# Bear and cougar with hounds



## skylax17 (Aug 26, 2012)

I am looking to do a bear and cougar hunt with hounds. Most of the outfitters/ guides charge around 4k for a couple days of hunting. I was wondering if there was anyone out there with hounds who I could pay 300-500 per day to help me take these animals?
Taylor


----------



## SkullDesigns (Jul 13, 2010)

problem is, if they are not licensed guides they can not take money for taking you out, not even a dollar for gas.


----------



## Kevin D (Sep 15, 2007)

SkullDesigns said:


> problem is, if they are not licensed guides they can not take money for taking you out, not even a dollar for gas.


Actually, an unlicensed guide can accept up to $100 for a hunt......which is still a loser, particularly for a houndsman with an empty gas tank a pack of dogs to feed. So, you can either ask some benevolent houndsman to personally subsidize your hunt, illegally pay an unlicensed guide under the table, or pay the licensed guide his fee.


----------



## goonsquad (Sep 15, 2010)

Is that on any land or just public lands? 
You could do what the fly guys do, pay for a mentoring session... learn how to use hounds while hunting...


----------



## goofy elk (Dec 16, 2007)

Not going to find anyone that is not legaly licenesed, and with special use permits
for underabout 4k...........................

And this law is being watched HARD !!!

Unlicenesed "guides" are getting busted.------ it's some serious chit!


----------



## Kevin D (Sep 15, 2007)

goonsquad said:


> Is that on any land or just public lands?
> You could do what the fly guys do, pay for a mentoring session... learn how to use hounds while hunting...

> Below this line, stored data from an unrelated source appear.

(* Let $\mathcal H$ be a well-structured preconditioner set. The map $X\mapsto\operatorname{Tr}[P_{\mathcal H}(X)]$ is concave on $\mathcal S^d_{++}$.
   Context: $\mathcal S^d_+$ (resp. $\mathcal S^d_{++}$) denotes the set of real symmetric positive semidefinite (resp. positive definite) $d\times d$ matrices; $\langle A,B\rangle=\operatorname{Tr}(A^\top B)$. A set $\mathcal H\subseteq\mathcal S_+^d$ is a well-structured preconditioner set if $\mathcal H=\mathcal S_+^d\cap\mathcal K$ for some set $\mathcal K$ of real $d\times d$ matrices that is closed under scalar multiplication, matrix addition and matrix multiplication and contains the identity $I_d$. For $M\in\mathcal S^d_{++}$, $P_{\mathcal H}(M):=\arg\min_{H\in\mathcal H\cap\mathcal S^d_{++}}\langle M,H^{-1}\rangle+\operatorname{Tr}(H)$ (the minimizer exists and is unique). *)

theory Defs
  imports "HOL-Analysis.Analysis"
begin

definition psd_mat :: "real^'n^'n \<Rightarrow> bool" where
  "psd_mat A \<longleftrightarrow> transpose A = A \<and> (\<forall>x. 0 \<le> x \<bullet> (A *v x))"

definition pd_mat :: "real^'n^'n \<Rightarrow> bool" where
  "pd_mat A \<longleftrightarrow> transpose A = A \<and> (\<forall>x. x \<noteq> 0 \<longrightarrow> 0 < x \<bullet> (A *v x))"

definition frob_inner :: "real^'n^'n \<Rightarrow> real^'n^'n \<Rightarrow> real" where
  "frob_inner A B = trace (transpose A ** B)"

definition well_structured :: "(real^'n^'n) set \<Rightarrow> bool" where
  "well_structured H \<longleftrightarrow>
     (\<exists>K :: (real^'n^'n) set.
        (\<forall>c A. A \<in> K \<longrightarrow> c *\<^sub>R A \<in> K) \<and>
        (\<forall>A B. A \<in> K \<longrightarrow> B \<in> K \<longrightarrow> A + B \<in> K) \<and>
        (\<forall>A B. A \<in> K \<longrightarrow> B \<in> K \<longrightarrow> A ** B \<in> K) \<and>
        mat 1 \<in> K \<and>
        H = {A. psd_mat A} \<inter> K)"

definition precond :: "(real^'n^'n) set \<Rightarrow> real^'n^'n \<Rightarrow> real^'n^'n" where
  "precond H M = (THE P. P \<in> H \<and> pd_mat P \<and>
      (\<forall>Q. Q \<in> H \<and> pd_mat Q \<longrightarrow>
         frob_inner M (matrix_inv P) + trace P \<le> frob_inner M (matrix_inv Q) + trace Q))"

end

theory Submission
  imports Defs
begin

text \<open>
  \<open>P(X)\<close> minimises \<open>f(X, Q) = X \<bullet> Q\<inverse> + trace Q\<close> over the positive definite part of \<open>H\<close>,
  a convex cone. Comparing \<open>P(X)\<close> with its multiples \<open>t P(X)\<close> forces \<open>X \<bullet> P(X)\<inverse> = trace P(X)\<close>,
  so \<open>trace P(X) = min\<^sub>Q f(X, Q) / 2\<close> is a pointwise minimum of functions affine in \<open>X\<close>,
  hence concave.

  Existence and uniqueness of the minimiser rest on the minorant \<open>X \<bullet> (2W - WQW) + trace Q\<close>
  of \<open>f(X, Q)\<close>: it is affine and continuous in \<open>Q\<close>, falls short of \<open>f(X, Q)\<close> by
  \<open>X \<bullet> (Q\<inverse> - W) Q (Q\<inverse> - W) \<ge> 0\<close>, and touches it exactly at \<open>W = Q\<inverse>\<close>. This gives lower
  semicontinuity of \<open>f(X, -)\<close> (existence, via a minimising sequence whose traces are bounded)
  and its strict convexity (uniqueness). The nonnegativity of \<open>A \<bullet> B\<close> for positive
  semidefinite \<open>A, B\<close> behind both comes from writing \<open>B\<close> as a sum of rank-one matrices
  by repeated Schur complements.
\<close>

section \<open>Quadratic forms and rank-one matrices\<close>

definition outer :: "real^'n \<Rightarrow> real^'n^'n" where
  "outer u = (\<chi> i j. u$i * u$j)"

lemma frob_inner_eq_inner: "frob_inner A B = A \<bullet> (B::real^'n^'n)"
proof -
  have "frob_inner A B = (\<Sum>j\<in>UNIV. \<Sum>i\<in>UNIV. A$i$j * B$i$j)"
    unfolding frob_inner_def trace_def matrix_matrix_mult_def transpose_def by simp
  also have "\<dots> = A \<bullet> B"
    by (subst sum.swap) (simp add: inner_vec_def)
  finally show ?thesis .
qed

lemma inner_quad_form: "x \<bullet> ((A::real^'n^'n) *v y) = (\<Sum>i\<in>UNIV. \<Sum>j\<in>UNIV. x$i * A$i$j * y$j)"
  by (simp add: inner_vec_def matrix_vector_mult_def sum_distrib_left mult.assoc)

lemma inner_outer: "(A::real^'n^'n) \<bullet> outer u = u \<bullet> (A *v u)"
  unfolding inner_quad_form by (simp add: inner_vec_def outer_def sum_distrib_left algebra_simps)

lemma outer_quad_form: "x \<bullet> (outer u *v x) = (u \<bullet> x)\<^sup>2"
  unfolding inner_quad_form
  by (simp add: outer_def inner_vec_def power2_eq_square sum_product algebra_simps)

lemma outer_scaleR: "outer (c *\<^sub>R u) = c\<^sup>2 *\<^sub>R outer u"
  by (simp add: outer_def vec_eq_iff power2_eq_square)

lemma norm_outer: "norm (outer v) = v \<bullet> v"
  using inner_outer[of "outer v" v] outer_quad_form[of v v]
  by (simp add: norm_eq_sqrt_inner)

lemma trace_outer: "trace (outer v) = v \<bullet> v"
  by (simp add: trace_def outer_def inner_vec_def)

lemma trace_scaleR: "trace (c *\<^sub>R (A::real^'n^'n)) = c * trace A"
  by (simp add: trace_def sum_distrib_left)

lemma symmetric_entry: "transpose A = A \<Longrightarrow> A$i$j = A$j$i"
  by (metis transpose_def vec_lambda_beta)
lemma is_orbit_F_inv_backward_join:
  assumes "is_orbit X F v" "b \<in> Orb_inv X F" "b 0 = v 0"
  shows "is_orbit (Orb_inv X F) (F_inv F) (\<lambda>n. backward_join (n + N) v b)"
  unfolding is_orbit_def
proof (intro conjI allI)
  fix n
  show "backward_join (n + N) v b \<in> Orb_inv X F"
    using assms by (intro backward_join_in_Orb_inv is_orbit_imp_orbit_segment)
  have "v (Suc (n + N)) \<in> F (backward_join (n + N) v b 0)"
    using assms(1) by (simp add: is_orbit_def backward_join_def)
  then show "backward_join (Suc n + N) v b \<in> F_inv F (backward_join (n + N) v b)"
    by (auto simp: F_inv_def backward_join_Suc)
qed

definition prepend_backward :: "nat \<Rightarrow> (nat \<Rightarrow> 'a) \<Rightarrow> (nat \<Rightarrow> 'a) \<Rightarrow> nat \<Rightarrow> 'a" where
  "prepend_backward N s x i = (if i < N then s (N - i) else x (i - N))"

lemma pseudo_orbit_prepend_backward_orbit:
  assumes "pseudo_orbit X dist F \<delta> x" "s \<in> Orb_inv X F" "s 0 = x 0" "\<delta> > 0"
  shows "pseudo_orbit X dist F \<delta> (prepend_backward N s x)"
  unfolding pseudo_orbit_def prepend_backward_def
proof (intro conjI allI)
  fix i
  show "(if i < N then s (N - i) else x (i - N)) \<in> X"
    using assms(1,2) by (simp add: pseudo_orbit_def Orb_inv_def)
  show "setdist_pt dist (if Suc i < N then s (N - Suc i) else x (Suc i - N))
      (F (if i < N then s (N - i) else x (i - N))) < \<delta>"
  proof (cases "i < N")
    case True
    then have "N - i = Suc (N - Suc i)"
      by linarith
    then have "(if Suc i < N then s (N - Suc i) else x (Suc i - N)) \<in> F (s (N - i))"
      (is "?y \<in> _")
      using assms(2) by (auto simp: Orb_inv_def assms(3)[symmetric])
    then have "setdist_pt dist ?y (F (s (N - i))) \<le> dist ?y ?y"
      by (rule setdist_pt_le) simp
    then show ?thesis
      using True \<open>\<delta> > 0\<close> by simp
  next
    case False
    then show ?thesis
      using assms(1) by (simp add: pseudo_orbit_def Suc_diff_le)
  qed
qed

section \<open>Shadowing for the inverse-limit map\<close>

context
  fixes X :: "'a::metric_space set" and F :: "'a \<Rightarrow> 'a set"
  assumes dist_le_1: "\<And>a b. a \<in> X \<Longrightarrow> b \<in> X \<Longrightarrow> dist a b \<le> 1"
    and F_values: "\<And>x. x \<in> X \<Longrightarrow> F x \<noteq> {} \<and> F x \<subseteq> X"
begin

lemma F_inv_in_Orb_inv:
  assumes "s \<in> Orb_inv X F" "t \<in> F_inv F s"
  shows "t \<in> Orb_inv X F"
proof -
  obtain y where "t = case_nat y s" "y \<in> F (s 0)"
    using assms(2) by (auto simp: F_inv_def)
  moreover have "y \<in> X"
    using F_values assms(1) \<open>y \<in> F (s 0)\<close> by (auto simp: Orb_inv_def)
  ultimately show ?thesis
    using assms(1) by (auto simp: Orb_inv_def split: nat.split)
qed

lemma Orb_inv_dist_le_1:
  "s \<in> Orb_inv X F \<Longrightarrow> t \<in> Orb_inv X F \<Longrightarrow> dist (s k) (t k) \<le> 1"
  by (simp add: Orb_inv_def dist_le_1)

lemma F_inv_pseudo_orbit_step:
  assumes "pseudo_orbit (Orb_inv X F) rho (F_inv F) \<delta> z"
  obtains y where "y \<in> F (z n 0)" "rho (z (Suc n)) (case_nat y (z n)) < \<delta>"
proof -
  have z: "z n \<in> Orb_inv X F" "z (Suc n) \<in> Orb_inv X F"
    using assms by (simp_all add: pseudo_orbit_def)
  have "F_inv F (z n) \<noteq> {}"
    using F_values z by (auto simp: F_inv_def Orb_inv_def)
  moreover have "0 \<le> rho (z (Suc n)) t" if "t \<in> F_inv F (z n)" for t
    using F_inv_in_Orb_inv[OF z(1) that] z(2) by (intro rho_nonneg Orb_inv_dist_le_1)
  moreover have "setdist_pt rho (z (Suc n)) (F_inv F (z n)) < \<delta>"
    using assms by (simp add: pseudo_orbit_def)
  ultimately show thesis
    using that setdist_pt_less_iff[of "F_inv F (z n)" rho "z (Suc n)" \<delta>] by (auto simp: F_inv_def)
qed

lemma F_inv_pseudo_orbit_coordinates:
  assumes "pseudo_orbit (Orb_inv X F) rho (F_inv F) \<delta> z"
  obtains y where "y \<in> F (z n 0)" "dist (z (Suc n) 0) y < 2 * \<delta>"
    "\<And>k. dist (z (Suc n) (Suc k)) (z n k) < 2 ^ (k + 2) * \<delta>"
proof -
  obtain y where y: "y \<in> F (z n 0)" "rho (z (Suc n)) (case_nat y (z n)) < \<delta>"
    using F_inv_pseudo_orbit_step[OF assms] .
  have "z n \<in> Orb_inv X F" "z (Suc n) \<in> Orb_inv X F"
    using assms by (simp_all add: pseudo_orbit_def)
  then have "case_nat y (z n) \<in> Orb_inv X F"
    using y(1) by (intro F_inv_in_Orb_inv[OF \<open>z n \<in> Orb_inv X F\<close>]) (auto simp: F_inv_def)
  then have "dist (z (Suc n) k) (case_nat y (z n) k) / 2 ^ Suc k \<le> rho (z (Suc n)) (case_nat y (z n))" for k
    using \<open>z (Suc n) \<in> Orb_inv X F\<close> by (intro dist_le_rho Orb_inv_dist_le_1)
  then have "dist (z (Suc n) k) (case_nat y (z n) k) / 2 ^ Suc k < \<delta>" for k
    using y(2) by (rule le_less_trans)
  then have "dist (z (Suc n) k) (case_nat y (z n) k) < 2 ^ Suc k * \<delta>" for k
    by (simp add: pos_divide_less_eq mult.commute)
  from this[of 0] this[of "Suc _"] show thesis
    by (intro that[OF y(1)]) simp_all
qed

You can try to selling that to a judge, but I wouldn't want to risk losing my hunting privileges for a year or longer on him or her buying it.

You don't need to be licensed to guide on private property, but the nature of hound hunting is that you are not in control on where the race ultimately ends up.....the dogs and game decide that, and neither recognize property boundaries. So unless you're talking major CWMU sized properties, you're unlikely to consistently confine a bear or lion race to a single property. And of course with hunting a major CWMU sized property, you're once again approaching the 4k range for guide and trespass fees.


----------